UNLABELLED: The accepted model of autonomic control of heart rate (HR) during dynamic exercise indicates that the initial increase is entirely attributable to the withdrawal of parasympathetic nervous system (PSNS) activity and that subsequent increases in HR are entirely attributable to increases in cardiac sympathetic activity. In the present review, we sought to re-evaluate the model of autonomic neural control of HR in humans during progressive increases in dynamic exercise workload. We analysed data from both new and previously published studies involving baroreflex stimulation and pharmacological blockade of the autonomic nervous system. Results indicate that the PSNS remains functionally active throughout exercise and that increases in HR from rest to maximal exercise result from an increasing workload-related transition from a 4 : 1 vagal-sympathetic balance to a 4 : 1 sympatho-vagal balance.
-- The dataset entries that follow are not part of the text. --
(* Let $\delta\in(0,1)$ and $\lambda_0\in(0,\pi)$. Let $\{U_t,t\in\mathbb{Z}\}$ be a zero-mean weakly stationary process with autocovariance $\gamma_U$ satisfying $\sum_{h\in\mathbb{Z}}|\gamma_U(h)|<\infty$ and with spectral density $f_U$ which is continuous on $[0,\pi]$ and satisfies $\inf_{\lambda\in[0,\pi]}f_U(\lambda)>0$. Let $\{X_{t,\delta},t\in\mathbb{Z}\}$ be a zero-mean weakly stationary process with spectral density $$f_\delta(\lambda)=\frac{f_U(\lambda)}{|1-(1-\delta)e^{-i(\lambda-\lambda_0)}|^{2}\,|1-(1-\delta)e^{-i(\lambda+\lambda_0)}|^{2}},\qquad \lambda\in\mathbb{R}.$$ Given $X_{1,\delta},\dots,X_{n,\delta}$, let $N=\lfloor n/2\rfloor$, $\mathcal{G}(n)=\{-N,\dots,-1,1,\dots,N\}$, $\lambda_{j,n}=2\pi j/n$, $$I_{n,\delta}(\lambda)=\frac{1}{2\pi n}\Big|\sum_{t=1}^nX_{t,\delta}e^{-i\lambda t}\Big|^2,\quad \widehat\gamma_\delta(h)=\frac{2\pi}{n}\sum_{j\in\mathcal{G}(n)}I_{n,\delta}(\lambda_{j,n})\cos(\lambda_{j,n}h),\quad \widetilde\gamma_\delta(h)=\frac1n\sum_{t=1}^{n-|h|}X_{t,\delta}X_{t+|h|,\delta}.$$ Then for any $|h|<n$, $$\widehat\gamma_\delta(h)=\widetilde\gamma_\delta(h)+O_P(n^{-1}\delta^{-2}).$$ *)

theory Defs
  imports "HOL-Probability.Probability"
begin
lemma cond_binomial_counts:
  fixes B :: "nat \<Rightarrow> 'x set" and K :: nat
  assumes s: "t0 \<le> s" and B: "\<And>l. l \<in> {1..K} \<Longrightarrow> B l \<in> sets borel"
    and disj: "disjoint_family_on B {1..K}"
  shows "AE w in M. real_cond_exp M F (\<lambda>w. \<Prod>l=1..K. indicator {v\<in>space M. Q s (B l) v = c l} w) w
                   = (\<Prod>l=1..K. pmf (binomial_pmf (Phi N X s (B l) w) p) (c l))"
proof -
  have "disjoint_family_on (\<lambda>i. B (Suc i)) {..<K}"
    unfolding disjoint_family_on_def
  proof (intro ballI impI)
    fix i j assume "i \<in> {..<K}" "j \<in> {..<K}" "i \<noteq> j"
    then show "B (Suc i) \<inter> B (Suc j) = {}"
      by (intro disjoint_family_onD[OF disj]) auto
  qed
  moreover have "\<forall>i<K. B (Suc i) \<in> sets borel"
    using B by simp
  ultimately have "t0 \<le> s \<and> (\<forall>i<K. B (Suc i) \<in> sets borel) \<and> disjoint_family_on (\<lambda>i. B (Suc i)) {..<K}"
    using s by blast
  from rule2[unfolded snapshot_rule2_def, THEN spec[where x = s], THEN spec[where x = K],
      THEN spec[where x = "\<lambda>i. B (Suc i)"], THEN spec[where x = "\<lambda>i. c (Suc i)"], THEN mp, OF this]
  show ?thesis
    by (simp add: prod.atLeast1_atMost_eq One_nat_def)
qed

definition counts :: "'a \<Rightarrow> nat \<Rightarrow> nat \<Rightarrow> nat" where
  "counts w = (\<lambda>k\<in>{1..n}. \<lambda>l\<in>{1..m k}. Q (t k) (A k l) w)"

definition count_box :: "(nat \<Rightarrow> nat \<Rightarrow> nat) set" where
  "count_box = PiE {1..n} (\<lambda>k. PiE {1..m k} (\<lambda>_. {0..N}))"

definition binomial_likelihood :: "(nat \<Rightarrow> nat \<Rightarrow> nat) \<Rightarrow> 'a \<Rightarrow> real" where
  "binomial_likelihood c w = (\<Prod>k=1..n. \<Prod>l=1..m k. pmf (binomial_pmf (Phi N X (t k) (A k l) w) p) (c k l))"

lemma finite_count_box: "finite count_box"
  unfolding count_box_def by (intro finite_PiE) auto

lemma counts_eq_iff:
  assumes "c \<in> count_box"
  shows "counts w = c \<longleftrightarrow> (\<forall>k\<in>{1..n}. \<forall>l\<in>{1..m k}. Q (t k) (A k l) w = c k l)"
  using assms unfolding counts_def count_box_def
  by (auto simp: fun_eq_iff PiE_iff extensional_def)

lemma count_eq_in_events:
  "k \<in> {1..n} \<Longrightarrow> l \<in> {1..m k} \<Longrightarrow> {w\<in>space M. Q (t k) (A k l) w = c} \<in> events"
  by (intro predE pred_count_space_const1 Q_meas t_ge A_borel)

lemma count_event_in_events:
  "{w\<in>space M. \<forall>k\<in>{1..n}. \<forall>l\<in>{1..m k}. Q (t k) (A k l) w = c k l} \<in> events"
  by (intro sets.sets_Collect_finite_All count_eq_in_events) auto

lemma borel_measurable_binomial_likelihood: "binomial_likelihood c \<in> borel_measurable M"
  unfolding binomial_likelihood_def
  by (intro borel_measurable_prod measurable_compose[OF measurable_Phi]
      X_meas t_ge A_borel) auto

lemma binomial_likelihood_nonneg: "0 \<le> binomial_likelihood c w"
  unfolding binomial_likelihood_def by (intro prod_nonneg) auto

lemma binomial_likelihood_le_1: "binomial_likelihood c w \<le> 1"
  unfolding binomial_likelihood_def by (intro prod_le_1 conjI prod_nonneg pmf_le_1 pmf_nonneg)

lemma integrable_binomial_likelihood: "integrable M (binomial_likelihood c)"
  using binomial_likelihood_nonneg binomial_likelihood_le_1
  by (intro integrable_const_bound[where B = 1] AE_I2 borel_measurable_binomial_likelihood) simp

lemma sum_binomial_likelihood: "(\<Sum>c\<in>count_box. binomial_likelihood c w) = 1"
proof -
  have "(\<Sum>c\<in>count_box. binomial_likelihood c w)
      = (\<Prod>k=1..n. \<Prod>l=1..m k. \<Sum>s=0..N. pmf (binomial_pmf (Phi N X (t k) (A k l) w) p) s)"
    unfolding binomial_likelihood_def count_box_def
    by (simp add: prod_sum_PiE finite_PiE)
  also have "\<dots> = 1"
    by (intro prod.neutral ballI sum_pmf_binomial_eq_1 p Phi_le)
  finally show ?thesis .
qed

lemma cond_prob_count_event_at:
  assumes k: "k \<in> {1..n}"
  shows "AE w in M. real_cond_exp M F (indicator {v\<in>space M. \<forall>l\<in>{1..m k}. Q (t k) (A k l) v = c l}) w
                   = (\<Prod>l=1..m k. pmf (binomial_pmf (Phi N X (t k) (A k l) w) p) (c l))"
proof -
  let ?I = "\<lambda>l. {v\<in>space M. Q (t k) (A k l) v = c l}"
  have "AE w in M. real_cond_exp M F (indicator {v\<in>space M. \<forall>l\<in>{1..m k}. Q (t k) (A k l) v = c l}) w
          = real_cond_exp M F (\<lambda>w. \<Prod>l=1..m k. indicator (?I l) w) w"
    using k by (intro F.real_cond_exp_cong AE_I2 borel_measurable_indicator borel_measurable_prod
        sets.sets_Collect_finite_All count_eq_in_events) (auto simp: prod_indicator_Collect)
  moreover have "AE w in M. real_cond_exp M F (\<lambda>w. \<Prod>l=1..m k. indicator (?I l) w) w
          = (\<Prod>l=1..m k. pmf (binomial_pmf (Phi N X (t k) (A k l) w) p) (c l))"
    using k by (intro cond_binomial_counts t_ge A_borel A_disj)
  ultimately show ?thesis
    by eventually_elim simp
qed

lemma cond_prob_count_event:
  "AE w in M. real_cond_exp M F (indicator {v\<in>space M. \<forall>k\<in>{1..n}. \<forall>l\<in>{1..m k}. Q (t k) (A k l) v = c k l}) w
              = binomial_likelihood c w"
proof -
  let ?E = "\<lambda>k. {v\<in>space M. \<forall>l\<in>{1..m k}. Q (t k) (A k l) v = c k l}"
  have "AE w in M. real_cond_exp M F (indicator {v\<in>space M. \<forall>k\<in>{1..n}. \<forall>l\<in>{1..m k}. Q (t k) (A k l) v = c k l}) w
          = real_cond_exp M F (\<lambda>w. \<Prod>k=1..n. indicator (?E k) w) w"
    by (intro F.real_cond_exp_cong AE_I2 borel_measurable_indicator borel_measurable_prod
        sets.sets_Collect_finite_All count_eq_in_events count_event_in_events) (auto simp: prod_indicator_Collect)
  moreover have "AE w in M. real_cond_exp M F (\<lambda>w. \<Prod>k=1..n. indicator (?E k) w) w
          = (\<Prod>k=1..n. real_cond_exp M F (indicator (?E k)) w)"
    using A_borel by (intro cond_indep_prod[OF t_dist t_ge] Q_sigma_Collect) auto
  moreover have "AE w in M. \<forall>k\<in>{1..n}. real_cond_exp M F (indicator (?E k)) w
          = (\<Prod>l=1..m k. pmf (binomial_pmf (Phi N X (t k) (A k l) w) p) (c k l))"
    by (intro eventually_ball_finite ballI cond_prob_count_event_at) auto
  ultimately show ?thesis
    by eventually_elim (simp add: binomial_likelihood_def)
qed

lemma prob_counts_eq:
  assumes "c \<in> count_box"
  shows "prob {w\<in>space M. counts w = c} = (\<integral>w. binomial_likelihood c w \<partial>M)"
proof -
  let ?E = "{w\<in>space M. \<forall>k\<in>{1..n}. \<forall>l\<in>{1..m k}. Q (t k) (A k l) w = c k l}"
  have "prob {w\<in>space M. counts w = c} = prob ?E"
    using counts_eq_iff[OF assms] by simp
  also have "\<dots> = (\<integral>w. indicator ?E w \<partial>M)"
    using count_event_in_events by (simp add: Int_absorb2)
  also have "\<dots> = (\<integral>w. real_cond_exp M F (indicator ?E) w \<partial>M)"
    using count_event_in_events
    by (intro F.real_cond_exp_int(2)[symmetric] integrable_real_indicator) (simp_all add: less_top[symmetric])
  also have "\<dots> = (\<integral>w. binomial_likelihood c w \<partial>M)"
    using cond_prob_count_event
    by (intro integral_cong_AE borel_measurable_binomial_likelihood) auto
  finally show ?thesis .
qed

lemma sum_prob_counts: "(\<Sum>c\<in>count_box. prob {w\<in>space M. counts w = c}) = 1"
proof -
  have "(\<Sum>c\<in>count_box. prob {w\<in>space M. counts w = c}) = (\<integral>w. (\<Sum>c\<in>count_box. binomial_likelihood c w) \<partial>M)"
    by (simp add: prob_counts_eq integrable_binomial_likelihood)
  then show ?thesis
    by (simp add: sum_binomial_likelihood prob_space)
qed

definition count_phase :: "(nat \<Rightarrow> nat \<Rightarrow> real) \<Rightarrow> (nat \<Rightarrow> nat \<Rightarrow> nat) \<Rightarrow> real" where
  "count_phase \<xi> c = (\<Sum>k=1..n. \<Sum>l=1..m k + 1. \<xi> k l * count_vector (m k) N (c k) l)"

lemma sum_snap_vec_eq_count_phase:
  "(\<Sum>k=1..n. \<Sum>l=1..m k + 1. \<xi> k l * snap_vec N Q t m A k l w) = count_phase \<xi> (counts w)"
  unfolding count_phase_def snap_vec_eq_count_vector
proof (intro sum.cong refl)
  fix k l assume "k \<in> {1..n}" "l \<in> {1..m k + 1}"
  then show "\<xi> k l * count_vector (m k) N (\<lambda>l. Q (t k) (A k l) w) l = \<xi> k l * count_vector (m k) N (counts w k) l"
    using count_vector_restrict[of l "m k" N "\<lambda>l. Q (t k) (A k l) w"] by (simp add: counts_def)
qed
Furthermore, the beat-to-beat autonomic reflex control of HR was found to be dependent on the ability of the PSNS to modulate the HR as it was progressively restrained by increasing workload-related sympathetic nerve activity. IN
CONCLUSION: (i) increases in exercise workload-related HR are not caused by a total withdrawal of the PSNS followed by an increase in sympathetic tone; (ii) reciprocal antagonism is key to the transition from vagal to sympathetic dominance, and (iii) resetting of the arterial baroreflex causes immediate exercise-onset reflexive increases in HR, which are parasympathetically mediated, followed by slower increases in sympathetic tone as workloads are increased.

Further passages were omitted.